The novelist and short story writer Henry James was born on April 15, 1843 in a house on the north side of Washington Square Park in Greenwich Village, New York City. He was born into an almost incredibly intellectual and lofty family: his father was Henry James Sr., a member of the broad intellectual circle that included Ralph Waldo Emerson and Nathaniel Hawthorne, and his older brother was the great philosopher and early psychologist William James, whose scientific and metaphysical explorations of human experience would become as influential as Henry's wistful fictional explorations of the same subject.

The James children, including the lively sister Alice, were raised with liberal political views and a fervent scholarly intensity, and were also exposed to the unusual religious teachings of the Swedish mystic Swedenborg. The relationship between William and Henry was respectful but competitive, and from a young age Henry played down his own intellectual promise in deference to the brilliant William, who showed great promise and studied vigorously at Harvard. Henry followed William to Harvard, where he briefly studied law but lost interest, instead traveling to Europe to pursue his growing interest in literature.

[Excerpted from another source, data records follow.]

lemma W_mono: "x \<in> W B \<Longrightarrow> B \<le> B' \<Longrightarrow> x \<in> W B'"
  unfolding W_def using normal_terms_span_mono by blast

lemma W_diff: "x \<in> W B \<Longrightarrow> y \<in> W B \<Longrightarrow> x - y \<in> W B"
  unfolding W_def by (rule vs.span_diff)

lemma series_in_W: "f \<in> W 0"
  unfolding W_def
  using normal_terms_spanI[OF r1_pos r2_pos, where m = 1 and B = 0 and d = d and lA = l1 and lB = l2 and DA = D1 and DB = D2 and f = f]
  by simp

lemma lead_power_derivative_in_W:
  assumes D: "D = D1 \<or> D = D2" and h: "lead_prod ^ j * h \<in> W B"
  shows "lead_prod ^ (j + 1) * D h \<in> W (B + 2 * d)"
proof -
  interpret bivariate_derivation D
    using D D1.bivariate_derivation_axioms D2.bivariate_derivation_axioms by blast
  have "lead_prod * D (lead_prod ^ j * h) = (lead_prod * D (lead_prod ^ j)) * h + lead_prod ^ (j + 1) * D h"
    by (simp add: mult algebra_simps)
  also have "lead_prod * D (lead_prod ^ j) = of_nat j * D lead_prod * lead_prod ^ j"
    by (rule mult_power)
  finally have eq: "lead_prod ^ (j + 1) * D h = lead_prod * D (lead_prod ^ j * h) - (of_nat j * D lead_prod) * (lead_prod ^ j * h)"
    by (simp add: algebra_simps)
  have "tdeg_le (of_nat j * D lead_prod) (2 * d)"
    by (intro tdeg_le_of_nat_mult tdeg_le tdeg_le_lead_prod)
  then show ?thesis
    unfolding eq using D W_D1 W_D2 h by (blast intro: W_diff W_mult)
qed

lemma lead_power_euler_prod_in_W: "lead_prod ^ k * euler_prod f k \<in> W (k * (2 * d + 1))"
proof (induction k)
  case 0
  show ?case
    using series_in_W by simp
next
  case (Suc k)
  let ?B = "k * (2 * d + 1)" and ?h = "euler_prod f k"
  have "fps_Y * (lead_prod ^ (k + 1) * D2 ?h) \<in> W (?B + 2 * d + 1)"
    by (rule W_mult[OF lead_power_derivative_in_W[OF _ Suc] tdeg_le_Y]) simp
  moreover have "fps_X * (lead_prod ^ (k + 1) * D1 ?h) \<in> W (?B + 2 * d + 1)"
    by (rule W_mult[OF lead_power_derivative_in_W[OF _ Suc] tdeg_le_X]) simp
  moreover have "(of_nat (Suc k) * lead_prod) * (lead_prod ^ k * ?h) \<in> W (?B + 2 * d + 1)"
    using W_mult[OF Suc tdeg_le_of_nat_mult[OF tdeg_le_lead_prod]] by (rule W_mono) simp
  moreover have "lead_prod ^ Suc k * euler_prod f (Suc k) =
      fps_Y * (lead_prod ^ (k + 1) * D2 ?h) - fps_X * (lead_prod ^ (k + 1) * D1 ?h)
      - (of_nat (Suc k) * lead_prod) * (lead_prod ^ k * ?h)"
    by (simp add: algebra_simps)
  ultimately have "lead_prod ^ Suc k * euler_prod f (Suc k) \<in> W (?B + 2 * d + 1)"
    by (simp add: W_diff)
  then show ?case
    by (simp add: algebra_simps)
qed

lemma lead_power_iter_D1_euler_prod_in_W:
  "lead_prod ^ (k + i) * (D1 ^^ i) (euler_prod f k) \<in> W (k * (2 * d + 1) + i * (2 * d))"
proof (induction i)
  case 0
  show ?case
    using lead_power_euler_prod_in_W by simp
next
  case (Suc i)
  show ?case
    using lead_power_derivative_in_W[OF _ Suc, of D1] by (simp add: algebra_simps)
qed

lemma lead_power_ansatz_term_in_W:
  assumes "a \<le> N" "i \<le> N" "k \<le> N"
  shows "lead_prod ^ (2 * N) * ansatz_term f N a i k \<in> W (4 * N * d + 4 * N)"
proof -
  define s where "s = 2 * N - (k + i)"
  have s: "k + i + s = 2 * N"
    using assms by (simp add: s_def)
  have "lead_prod ^ (2 * N) = lead_prod ^ s * lead_prod ^ (k + i)"
    by (simp flip: power_add s add.commute)
  then have eq: "lead_prod ^ (2 * N) * ansatz_term f N a i k =
      (lead_prod ^ s * fps_X ^ a * fps_Y ^ (a + 2 * N - i - k)) * (lead_prod ^ (k + i) * (D1 ^^ i) (euler_prod f k))"
    by (simp add: ansatz_term_def algebra_simps)
  have "tdeg_le (lead_prod ^ s * fps_X ^ a * fps_Y ^ (a + 2 * N - i - k)) (s * (2 * d) + a * 1 + (a + 2 * N - i - k) * 1)"
    by (intro tdeg_le_mult tdeg_le_power tdeg_le_lead_prod tdeg_le_X tdeg_le_Y)
  from W_mult[OF lead_power_iter_D1_euler_prod_in_W this]
  have "lead_prod ^ (2 * N) * ansatz_term f N a i k
      \<in> W (k * (2 * d + 1) + i * (2 * d) + (s * (2 * d) + a * 1 + (a + 2 * N - i - k) * 1))"
    unfolding eq .
  moreover have "k * (2 * d + 1) + i * (2 * d) + s * (2 * d) = (k + i + s) * (2 * d) + k"
    by (simp add: algebra_simps)
  then have "k * (2 * d + 1) + i * (2 * d) + s * (2 * d) = 4 * N * d + k"
    by (simp add: s)
  ultimately show ?thesis
    using assms by (elim W_mono) linarith
qed

definition monomial_terms :: "nat \<Rightarrow> 'a fps fps set" where
  "monomial_terms M = (\<lambda>(u, v, i, j). fps_X ^ u * fps_Y ^ v * (l1 ^ j * l2 ^ i * (D1 ^^ i) ((D2 ^^ j) f)))
     ` ({..M} \<times> {..M} \<times> {..<r1} \<times> {..<r2})"

lemma card_monomial_terms: "card (monomial_terms M) \<le> (M + 1) * ((M + 1) * (r1 * r2))"
proof -
  have "card (monomial_terms M) \<le> card ({..M} \<times> {..M} \<times> {..<r1} \<times> {..<r2})"
    unfolding monomial_terms_def by (rule card_image_le) simp
  then show ?thesis
    by (simp add: card_cartesian_product)
qed

lemma W_subset_span_monomial_terms: "W B \<subseteq> vs.span (monomial_terms (B + (r1 + r2) * d))"
  unfolding W_def
proof (rule vs.span_minimal[OF _ vs.subspace_span], rule subsetI)
  let ?M = "B + (r1 + r2) * d"
  fix y
  assume "y \<in> normal_terms D1 D2 l1 l2 r1 r2 d f B"
  then obtain m i j where y: "y = m * l1 ^ j * l2 ^ i * (D1 ^^ i) ((D2 ^^ j) f)" "i < r1" "j < r2"
      "tdeg_le m (B + (r2 - 1 - j) * d + (r1 - 1 - i) * d)"
    unfolding normal_terms_def by blast
  have "(r2 - 1 - j) * d \<le> r2 * d" "(r1 - 1 - i) * d \<le> r1 * d"
    by simp_all
  then have m: "tdeg_le m ?M"
    using y(4) by (elim tdeg_le_mono) (simp add: algebra_simps)
  let ?R = "l1 ^ j * l2 ^ i * (D1 ^^ i) ((D2 ^^ j) f)"
  have "y = (\<Sum>u\<le>?M. \<Sum>v\<le>?M. cscale (m $ u $ v) (fps_X ^ u * fps_Y ^ v)) * ?R"
    using tdeg_le_monomial_expansion[OF m] by (simp add: y(1) algebra_simps)
  also have "\<dots> = (\<Sum>u\<le>?M. \<Sum>v\<le>?M. cscale (m $ u $ v) (fps_X ^ u * fps_Y ^ v * ?R))"
    by (simp add: sum_distrib_right cscale_def mult.assoc)
  also have "\<dots> \<in> vs.span (monomial_terms ?M)"
  proof (intro vs.span_sum vs.span_scale vs.span_base)
    fix u v
    assume "u \<in> {..?M}" "v \<in> {..?M}"
    then show "fps_X ^ u * fps_Y ^ v * ?R \<in> monomial_terms ?M"
      unfolding monomial_terms_def using y(2,3) by (intro image_eqI[of _ _ "(u, v, i, j)"]) auto
  qed
  finally show "y \<in> vs.span (monomial_terms ?M)" .
qed

text \<open>The left-hand side of the assumption bounds the dimension of a space containing all
  lead_prod^(2N) * ansatz_term f N a i k.\<close>
lemma ansatz_relation:
  assumes "(4 * N * d + 4 * N + (r1 + r2) * d + 1) * ((4 * N * d + 4 * N + (r1 + r2) * d + 1) * (r1 * r2))
      < (N + 1) * ((N + 1) * (N + 1))"
  shows "\<exists>c. (\<exists>a\<le>N. \<exists>i\<le>N. \<exists>k\<le>N. c a i k \<noteq> 0) \<and>
    (\<Sum>a\<le>N. \<Sum>i\<le>N. \<Sum>k\<le>N. cscale (c a i k) (ansatz_term f N a i k)) = 0"
proof -
  let ?I = "{..N} \<times> {..N} \<times> {..N}" and ?M = "4 * N * d + 4 * N + (r1 + r2) * d"
  let ?G = "\<lambda>x. ansatz_term f N (fst x) (fst (snd x)) (snd (snd x))"
  let ?F = "\<lambda>x. lead_prod ^ (2 * N) * ?G x"
  have "card (monomial_terms ?M) < card ?I"
    using card_monomial_terms[of ?M] assms by (simp add: card_cartesian_product)
  moreover have "?F x \<in> vs.span (monomial_terms ?M)" if "x \<in> ?I" for x
    using that lead_power_ansatz_term_in_W W_subset_span_monomial_terms by fastforce
  ultimately obtain c where c: "\<exists>x\<in>?I. c x \<noteq> 0" "(\<Sum>x\<in>?I. cscale (c x) (?F x)) = 0"
    using vs.exists_nontrivial_relation[of ?I "monomial_terms ?M" ?F]
    by (auto simp: monomial_terms_def)
  have "(\<Sum>x\<in>?I. cscale (c x) (?F x)) = lead_prod ^ (2 * N) * (\<Sum>x\<in>?I. cscale (c x) (?G x))"
    by (simp add: sum_distrib_left cscale_def mult.left_commute)
  also have "(\<Sum>x\<in>?I. cscale (c x) (?G x)) =
      (\<Sum>a\<le>N. \<Sum>i\<le>N. \<Sum>k\<le>N. cscale (c (a, i, k)) (ansatz_term f N a i k))"
    by (simp add: sum.cartesian_product split_def)
  finally have "(\<Sum>x\<in>?I. cscale (c x) (?F x)) =
      lead_prod ^ (2 * N) * (\<Sum>a\<le>N. \<Sum>i\<le>N. \<Sum>k\<le>N. cscale (c (a, i, k)) (ansatz_term f N a i k))" .
  then show ?thesis
    using c lead_prod_nonzero by (intro exI[of _ "\<lambda>a i k. c (a, i, k)"]) auto
qed

end

section \<open>An annihilating operator for the diagonal\<close>

lemma iter_fps_deriv_nth: "((fps_deriv ^^ i) (u :: 'a::field fps)) $ n = pochhammer (of_nat (n + 1)) i * u $ (n + i)"
proof (induction i arbitrary: n)
  case (Suc i)
  have "((fps_deriv ^^ Suc i) u) $ n = of_nat (n + 1) * ((fps_deriv ^^ i) u) $ (n + 1)"
    by simp
  also have "\<dots> = of_nat (n + 1) * (pochhammer (of_nat (n + 1) + 1) i * u $ (n + Suc i))"
    by (simp add: Suc)
  also have "\<dots> = pochhammer (of_nat (n + 1)) (Suc i) * u $ (n + Suc i)"
    by (simp add: pochhammer_rec)
  finally show ?case .
qed simp

lemma iter_D1_nth_nth: "((D1 ^^ i) (H :: 'a::field fps fps)) $ p $ q = pochhammer (of_nat (p + 1)) i * H $ (p + i) $ q"
proof (induction i arbitrary: p)
  case (Suc i)
  have "((D1 ^^ Suc i) H) $ p $ q = of_nat (p + 1) * (pochhammer (of_nat (p + 1) + 1) i * H $ (p + Suc i) $ q)"
    by (simp add: D1_nth_nth Suc)
  then show ?case
    by (simp add: pochhammer_rec)
qed simp

lemma euler_prod_nth: "euler_prod f k $ p $ q = (\<Prod>m\<in>{1..k}. (of_nat q - of_nat p - of_nat m :: 'a::field)) * f $ p $ q"
proof (induction k)
  case (Suc k)
  have "(fps_Y * D2 (euler_prod f k)) $ p $ q = of_nat q * euler_prod f k $ p $ q"
    by (cases q) (simp_all add: fps_Y_mult_nth D2_nth_nth)
  moreover have "(fps_X * D1 (euler_prod f k)) $ p $ q = of_nat p * euler_prod f k $ p $ q"
    by (cases p) (simp_all add: D1_nth_nth)
  ultimately have "euler_prod f (Suc k) $ p $ q = (of_nat q - of_nat p - of_nat (Suc k)) * euler_prod f k $ p $ q"
    by (simp add: of_nat_mult_eq_cscale algebra_simps)
  then show ?case
    by (simp add: Suc prod.cl_ivl_Suc algebra_simps)
qed simp

lemma ansatz_term_nth:
  "ansatz_term f N a i k $ p $ q = (if a \<le> p \<and> a + 2 * N - i - k \<le> q then
     pochhammer (of_nat (p - a + 1)) i *
     (\<Prod>m\<in>{1..k}. (of_nat (q - (a + 2 * N - i - k)) - of_nat (p - a + i) - of_nat m :: 'a::field)) *
     f $ (p - a + i) $ (q - (a + 2 * N - i - k)) else 0)"
  by (simp add: ansatz_term_def fps_X_Y_power_mult_nth iter_D1_nth_nth euler_prod_nth)

text \<open>On the coefficient of x1^n x2^(n + 2N - k0), the x2-degree exceeds the x1-degree of the
  underlying coefficient of f by exactly k - k0, which is a root of the product in
  euler_prod unless k = k0; so only the ansatz terms with k = k0 survive, and they see the
  diagonal of f.\<close>
lemma ansatz_term_nth_shifted_diagonal:
  assumes "i \<le> N" "k \<le> N" "k0 \<le> k"
  shows "ansatz_term f N a i k $ n $ (n + 2 * N - k0) = (if k = k0 \<and> a \<le> n then
     pochhammer (of_nat (n - a + 1)) i * (\<Prod>m\<in>{1..k0}. - of_nat m) * f $ (n - a + i) $ (n - a + i) else 0)"
proof (cases "a \<le> n")
  case True
  have q: "n + 2 * N - k0 - (a + 2 * N - i - k) = (n - a + i) + (k - k0)"
    using True assms by linarith
  have "(\<Prod>m\<in>{1..k}. (of_nat ((n - a + i) + (k - k0)) - of_nat (n - a + i) - of_nat m :: 'a))
      = (\<Prod>m\<in>{1..k}. of_nat (k - k0) - of_nat m)"
    by (simp add: algebra_simps)
  also have "\<dots> = 0" if "k \<noteq> k0"
    using that assms by (intro prod_zero) (auto intro!: bexI[of _ "k - k0"])
  finally show ?thesis
    using True assms by (cases "k = k0") (simp_all add: ansatz_term_nth q)
qed (simp add: ansatz_term_nth)

lemma apply_op1_column_polys_nth:
  "apply_op1 (map (\<lambda>i. \<Sum>a\<le>N. monom (c a i) a) [0..<n]) u $ m =
    (\<Sum>i<n. \<Sum>a\<le>N. if a \<le> m then c a i * pochhammer (of_nat (m - a + 1)) i * u $ (m - a + i) else 0)"
proof -
  have "(\<Sum>j=0..m. coeff (\<Sum>a\<le>N. monom (c a i) a) j * ((fps_deriv ^^ i) u) $ (m - j)) =
      (\<Sum>a\<le>N. if a \<le> m then c a i * pochhammer (of_nat (m - a + 1)) i * u $ (m - a + i) else 0)" for i
  proof -
    have "(\<Sum>j=0..m. coeff (\<Sum>a\<le>N. monom (c a i) a) j * ((fps_deriv ^^ i) u) $ (m - j))
        = (\<Sum>j=0..m. if j \<le> N then c j i * pochhammer (of_nat (m - j + 1)) i * u $ (m - j + i) else 0)"
      by (rule sum.cong[OF refl]) (simp add: coeff_sum coeff_monom iter_fps_deriv_nth)
    also have "\<dots> = (\<Sum>j\<in>{j\<in>{0..m}. j \<le> N}. c j i * pochhammer (of_nat (m - j + 1)) i * u $ (m - j + i))"
      by (rule sum.inter_filter[symmetric]) simp
    also have "{j\<in>{0..m}. j \<le> N} = {a\<in>{..N}. a \<le> m}"
      by auto
    also have "(\<Sum>j\<in>{a\<in>{..N}. a \<le> m}. c j i * pochhammer (of_nat (m - j + 1)) i * u $ (m - j + i)) =
        (\<Sum>a\<le>N. if a \<le> m then c a i * pochhammer (of_nat (m - a + 1)) i * u $ (m - a + i) else 0)"
      by (rule sum.inter_filter) simp
    finally show ?thesis .
  qed
  then show ?thesis
    by (simp add: apply_op1_def fps_sum_nth fps_mult_nth)
qed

He wrote short stories for magazines like the Atlantic Monthly, and his first novel, "Watch and Ward", was published in 1871. This story about a twelve year old girl who is pursued by an amorous older man is an early example of one of James' two great themes, the perilous journey of a promising young woman facing the trials of seduction. "Daisy Miller" would present a flirtatious teenager who makes a tragic mistake with an Italian man in Rome; "Portrait of a Lady" would tell of a charismatic, intelligent and self-assured young woman from Albany who agonizes to make the right choice of a suitor and then makes an utterly wrong choice; "Washington Square" would relate the bitter story of a worthy but unattractive woman who tries for the first time in her life to enter the sweepstakes of romance, only to find all her worst fears quickly realized as everybody in her life, from her father to her confidante to her potential lover, betrays her in turn.

Biographer Leon Edel conjectured that many of these female prototypes were based on a young cousin of Henry's who died, and who he may have felt love for. Because she died and was no longer able to disappoint his romantic fantasies towards her, Edel suggests, James was able to idealize her into a recurring fictional character. Edel's concecture seems to make sense, and the affectionate relationship of Isabel Archer to her own bookish relative Ralph in "Portrait of a Lady" is especially interesting for this reason.

James' other main theme was the plight of the American in Europe. As a young American would-be novelist travelling Europe in pursuit of the legacies of great European writers like Balzac, Dickens and Turgenev, Henry must have felt foolish and outclassed, because he depicted this sense of displacement over and over in novels such as "The Americans", in which a brash new-world businessman becomes entwined in the schemes of a grand but ruined European family, and, again, in "Portrait of a Lady", in which Isabel represents not only female purity endangered by male sexuality, but also American innocence endangered by European deceit. (This odd metaphor, America as a young girl and Europe as a lecherous older man, would later be employed by Vladimir Nabakov in his Jamesian masterpiece "Lolita").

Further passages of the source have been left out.